Collected data:

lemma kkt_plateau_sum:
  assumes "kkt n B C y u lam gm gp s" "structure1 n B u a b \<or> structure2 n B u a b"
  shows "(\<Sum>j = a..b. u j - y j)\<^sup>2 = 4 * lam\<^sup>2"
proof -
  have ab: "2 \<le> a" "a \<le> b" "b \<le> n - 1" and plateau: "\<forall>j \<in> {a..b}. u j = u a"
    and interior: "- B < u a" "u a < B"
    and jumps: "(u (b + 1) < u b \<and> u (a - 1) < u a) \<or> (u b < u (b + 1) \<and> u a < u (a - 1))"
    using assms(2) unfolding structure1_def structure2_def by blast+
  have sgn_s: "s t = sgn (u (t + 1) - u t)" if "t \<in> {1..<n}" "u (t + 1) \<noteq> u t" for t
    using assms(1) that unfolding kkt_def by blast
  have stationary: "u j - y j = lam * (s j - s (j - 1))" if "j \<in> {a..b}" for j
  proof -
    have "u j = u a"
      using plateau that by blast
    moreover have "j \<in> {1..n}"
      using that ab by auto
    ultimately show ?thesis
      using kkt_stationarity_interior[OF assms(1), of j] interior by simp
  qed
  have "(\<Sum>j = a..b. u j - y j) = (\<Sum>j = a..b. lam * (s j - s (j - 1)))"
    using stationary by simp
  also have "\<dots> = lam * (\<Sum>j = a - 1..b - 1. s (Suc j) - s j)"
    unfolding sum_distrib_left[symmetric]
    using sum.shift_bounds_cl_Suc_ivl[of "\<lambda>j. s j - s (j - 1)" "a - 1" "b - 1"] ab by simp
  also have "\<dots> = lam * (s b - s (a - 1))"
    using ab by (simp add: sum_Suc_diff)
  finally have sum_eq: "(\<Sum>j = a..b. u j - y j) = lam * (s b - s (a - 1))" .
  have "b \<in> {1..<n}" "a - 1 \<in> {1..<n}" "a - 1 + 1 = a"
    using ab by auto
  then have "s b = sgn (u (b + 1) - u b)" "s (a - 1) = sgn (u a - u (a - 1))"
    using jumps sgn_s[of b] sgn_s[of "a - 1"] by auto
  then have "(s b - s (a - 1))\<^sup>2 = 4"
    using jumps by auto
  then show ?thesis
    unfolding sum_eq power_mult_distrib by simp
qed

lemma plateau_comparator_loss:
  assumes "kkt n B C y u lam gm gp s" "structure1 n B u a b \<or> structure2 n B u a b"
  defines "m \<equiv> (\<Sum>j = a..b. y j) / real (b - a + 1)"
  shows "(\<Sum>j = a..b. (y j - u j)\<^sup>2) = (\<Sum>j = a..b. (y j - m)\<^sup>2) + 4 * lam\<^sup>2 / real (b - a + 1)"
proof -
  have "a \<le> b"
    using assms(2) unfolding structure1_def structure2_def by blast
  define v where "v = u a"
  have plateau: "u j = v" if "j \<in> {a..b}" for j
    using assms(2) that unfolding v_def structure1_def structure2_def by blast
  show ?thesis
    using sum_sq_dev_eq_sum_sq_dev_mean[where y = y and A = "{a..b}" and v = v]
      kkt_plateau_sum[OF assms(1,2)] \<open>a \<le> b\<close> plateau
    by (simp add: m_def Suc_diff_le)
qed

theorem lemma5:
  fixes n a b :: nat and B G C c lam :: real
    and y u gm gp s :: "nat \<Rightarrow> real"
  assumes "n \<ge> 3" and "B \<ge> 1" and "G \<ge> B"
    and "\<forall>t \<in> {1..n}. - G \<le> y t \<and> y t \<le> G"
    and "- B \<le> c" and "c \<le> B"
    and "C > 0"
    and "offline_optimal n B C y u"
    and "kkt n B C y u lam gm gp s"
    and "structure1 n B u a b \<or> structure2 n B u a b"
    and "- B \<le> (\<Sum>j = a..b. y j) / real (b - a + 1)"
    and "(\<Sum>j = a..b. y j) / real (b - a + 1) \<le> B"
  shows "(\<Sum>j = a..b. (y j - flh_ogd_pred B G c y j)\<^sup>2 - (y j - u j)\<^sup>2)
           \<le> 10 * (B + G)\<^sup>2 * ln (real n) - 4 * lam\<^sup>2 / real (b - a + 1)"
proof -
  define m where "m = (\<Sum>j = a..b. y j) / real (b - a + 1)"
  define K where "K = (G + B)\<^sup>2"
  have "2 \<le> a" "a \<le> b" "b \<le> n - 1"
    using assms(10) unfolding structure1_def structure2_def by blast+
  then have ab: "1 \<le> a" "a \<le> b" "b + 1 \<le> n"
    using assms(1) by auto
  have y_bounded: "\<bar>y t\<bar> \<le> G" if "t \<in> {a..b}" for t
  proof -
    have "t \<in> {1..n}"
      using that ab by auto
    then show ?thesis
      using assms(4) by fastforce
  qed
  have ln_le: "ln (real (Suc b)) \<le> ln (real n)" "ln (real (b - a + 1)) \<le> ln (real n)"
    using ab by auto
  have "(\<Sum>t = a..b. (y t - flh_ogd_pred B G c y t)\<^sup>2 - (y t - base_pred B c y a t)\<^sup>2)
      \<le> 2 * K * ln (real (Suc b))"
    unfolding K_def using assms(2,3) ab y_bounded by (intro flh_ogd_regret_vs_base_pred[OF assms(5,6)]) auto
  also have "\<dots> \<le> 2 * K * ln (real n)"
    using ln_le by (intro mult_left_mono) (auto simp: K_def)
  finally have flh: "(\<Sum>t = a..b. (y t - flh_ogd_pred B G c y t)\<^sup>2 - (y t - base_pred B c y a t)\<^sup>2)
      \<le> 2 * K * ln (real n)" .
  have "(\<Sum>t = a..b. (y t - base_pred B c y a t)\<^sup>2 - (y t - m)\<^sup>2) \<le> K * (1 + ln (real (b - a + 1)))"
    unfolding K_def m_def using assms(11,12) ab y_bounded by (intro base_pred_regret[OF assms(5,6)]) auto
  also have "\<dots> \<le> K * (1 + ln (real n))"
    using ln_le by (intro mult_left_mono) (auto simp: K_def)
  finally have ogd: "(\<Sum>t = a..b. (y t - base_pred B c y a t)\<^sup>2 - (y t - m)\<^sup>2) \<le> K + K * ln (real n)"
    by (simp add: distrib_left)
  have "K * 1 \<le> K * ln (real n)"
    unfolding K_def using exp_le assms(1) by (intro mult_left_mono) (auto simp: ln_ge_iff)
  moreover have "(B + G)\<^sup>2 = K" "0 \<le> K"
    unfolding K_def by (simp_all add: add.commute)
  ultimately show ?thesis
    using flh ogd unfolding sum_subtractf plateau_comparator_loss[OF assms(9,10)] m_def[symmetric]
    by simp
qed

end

__Task requirements__. Output every line above so that it reads exactly as before.

__Written answer__.
lemma kkt_plateau_sum:
  assumes "kkt n B C y u lam gm gp s" "structure1 n B u a b \<or> structure2 n B u a b"
  shows "(\<Sum>j = a..b. u j - y j)\<^sup>2 = 4 * lam\<^sup>2"
proof -
  have ab: "2 \<le> a" "a \<le> b" "b \<le> n - 1" and plateau: "\<forall>j \<in> {a..b}. u j = u a"
    and interior: "- B < u a" "u a < B"
    and jumps: "(u (b + 1) < u b \<and> u (a - 1) < u a) \<or> (u b < u (b + 1) \<and> u a < u (a - 1))"
    using assms(2) unfolding structure1_def structure2_def by blast+
  have sgn_s: "s t = sgn (u (t + 1) - u t)" if "t \<in> {1..<n}" "u (t + 1) \<noteq> u t" for t
    using assms(1) that unfolding kkt_def by blast
  have stationary: "u j - y j = lam * (s j - s (j - 1))" if "j \<in> {a..b}" for j
  proof -
    have "u j = u a"
      using plateau that by blast
    moreover have "j \<in> {1..n}"
      using that ab by auto
    ultimately show ?thesis
      using kkt_stationarity_interior[OF assms(1), of j] interior by simp
  qed
  have "(\<Sum>j = a..b. u j - y j) = (\<Sum>j = a..b. lam * (s j - s (j - 1)))"
    using stationary by simp
  also have "\<dots> = lam * (\<Sum>j = a - 1..b - 1. s (Suc j) - s j)"
    unfolding sum_distrib_left[symmetric]
    using sum.shift_bounds_cl_Suc_ivl[of "\<lambda>j. s j - s (j - 1)" "a - 1" "b - 1"] ab by simp
  also have "\<dots> = lam * (s b - s (a - 1))"
    using ab by (simp add: sum_Suc_diff)
  finally have sum_eq: "(\<Sum>j = a..b. u j - y j) = lam * (s b - s (a - 1))" .
  have "b \<in> {1..<n}" "a - 1 \<in> {1..<n}" "a - 1 + 1 = a"
    using ab by auto
  then have "s b = sgn (u (b + 1) - u b)" "s (a - 1) = sgn (u a - u (a - 1))"
    using jumps sgn_s[of b] sgn_s[of "a - 1"] by auto
  then have "(s b - s (a - 1))\<^sup>2 = 4"
    using jumps by auto
  then show ?thesis
    unfolding sum_eq power_mult_distrib by simp
qed

lemma plateau_comparator_loss:
  assumes "kkt n B C y u lam gm gp s" "structure1 n B u a b \<or> structure2 n B u a b"
  defines "m \<equiv> (\<Sum>j = a..b. y j) / real (b - a + 1)"
  shows "(\<Sum>j = a..b. (y j - u j)\<^sup>2) = (\<Sum>j = a..b. (y j - m)\<^sup>2) + 4 * lam\<^sup>2 / real (b - a + 1)"
proof -
  have "a \<le> b"
    using assms(2) unfolding structure1_def structure2_def by blast
  define v where "v = u a"
  have plateau: "u j = v" if "j \<in> {a..b}" for j
    using assms(2) that unfolding v_def structure1_def structure2_def by blast
  show ?thesis
    using sum_sq_dev_eq_sum_sq_dev_mean[where y = y and A = "{a..b}" and v = v]
      kkt_plateau_sum[OF assms(1,2)] \<open>a \<le> b\<close> plateau
    by (simp add: m_def Suc_diff_le)
qed

theorem lemma5:
  fixes n a b :: nat and B G C c lam :: real
    and y u gm gp s :: "nat \<Rightarrow> real"
  assumes "n \<ge> 3" and "B \<ge> 1" and "G \<ge> B"
    and "\<forall>t \<in> {1..n}. - G \<le> y t \<and> y t \<le> G"
    and "- B \<le> c" and "c \<le> B"
    and "C > 0"
    and "offline_optimal n B C y u"
    and "kkt n B C y u lam gm gp s"
    and "structure1 n B u a b \<or> structure2 n B u a b"
    and "- B \<le> (\<Sum>j = a..b. y j) / real (b - a + 1)"
    and "(\<Sum>j = a..b. y j) / real (b - a + 1) \<le> B"
  shows "(\<Sum>j = a..b. (y j - flh_ogd_pred B G c y j)\<^sup>2 - (y j - u j)\<^sup>2)
           \<le> 10 * (B + G)\<^sup>2 * ln (real n) - 4 * lam\<^sup>2 / real (b - a + 1)"
proof -
  define m where "m = (\<Sum>j = a..b. y j) / real (b - a + 1)"
  define K where "K = (G + B)\<^sup>2"
  have "2 \<le> a" "a \<le> b" "b \<le> n - 1"
    using assms(10) unfolding structure1_def structure2_def by blast+
  then have ab: "1 \<le> a" "a \<le> b" "b + 1 \<le> n"
    using assms(1) by auto
  have y_bounded: "\<bar>y t\<bar> \<le> G" if "t \<in> {a..b}" for t
  proof -
    have "t \<in> {1..n}"
      using that ab by auto
    then show ?thesis
      using assms(4) by fastforce
  qed
  have ln_le: "ln (real (Suc b)) \<le> ln (real n)" "ln (real (b - a + 1)) \<le> ln (real n)"
    using ab by auto
  have "(\<Sum>t = a..b. (y t - flh_ogd_pred B G c y t)\<^sup>2 - (y t - base_pred B c y a t)\<^sup>2)
      \<le> 2 * K * ln (real (Suc b))"
    unfolding K_def using assms(2,3) ab y_bounded by (intro flh_ogd_regret_vs_base_pred[OF assms(5,6)]) auto
  also have "\<dots> \<le> 2 * K * ln (real n)"
    using ln_le by (intro mult_left_mono) (auto simp: K_def)
  finally have flh: "(\<Sum>t = a..b. (y t - flh_ogd_pred B G c y t)\<^sup>2 - (y t - base_pred B c y a t)\<^sup>2)
      \<le> 2 * K * ln (real n)" .
  have "(\<Sum>t = a..b. (y t - base_pred B c y a t)\<^sup>2 - (y t - m)\<^sup>2) \<le> K * (1 + ln (real (b - a + 1)))"
    unfolding K_def m_def using assms(11,12) ab y_bounded by (intro base_pred_regret[OF assms(5,6)]) auto
  also have "\<dots> \<le> K * (1 + ln (real n))"
    using ln_le by (intro mult_left_mono) (auto simp: K_def)
  finally have ogd: "(\<Sum>t = a..b. (y t - base_pred B c y a t)\<^sup>2 - (y t - m)\<^sup>2) \<le> K + K * ln (real n)"
    by (simp add: distrib_left)
  have "K * 1 \<le> K * ln (real n)"
    unfolding K_def using exp_le assms(1) by (intro mult_left_mono) (auto simp: ln_ge_iff)
  moreover have "(B + G)\<^sup>2 = K" "0 \<le> K"
    unfolding K_def by (simp_all add: add.commute)
  ultimately show ?thesis
    using flh ogd unfolding sum_subtractf plateau_comparator_loss[OF assms(9,10)] m_def[symmetric]
    by simp
qed

end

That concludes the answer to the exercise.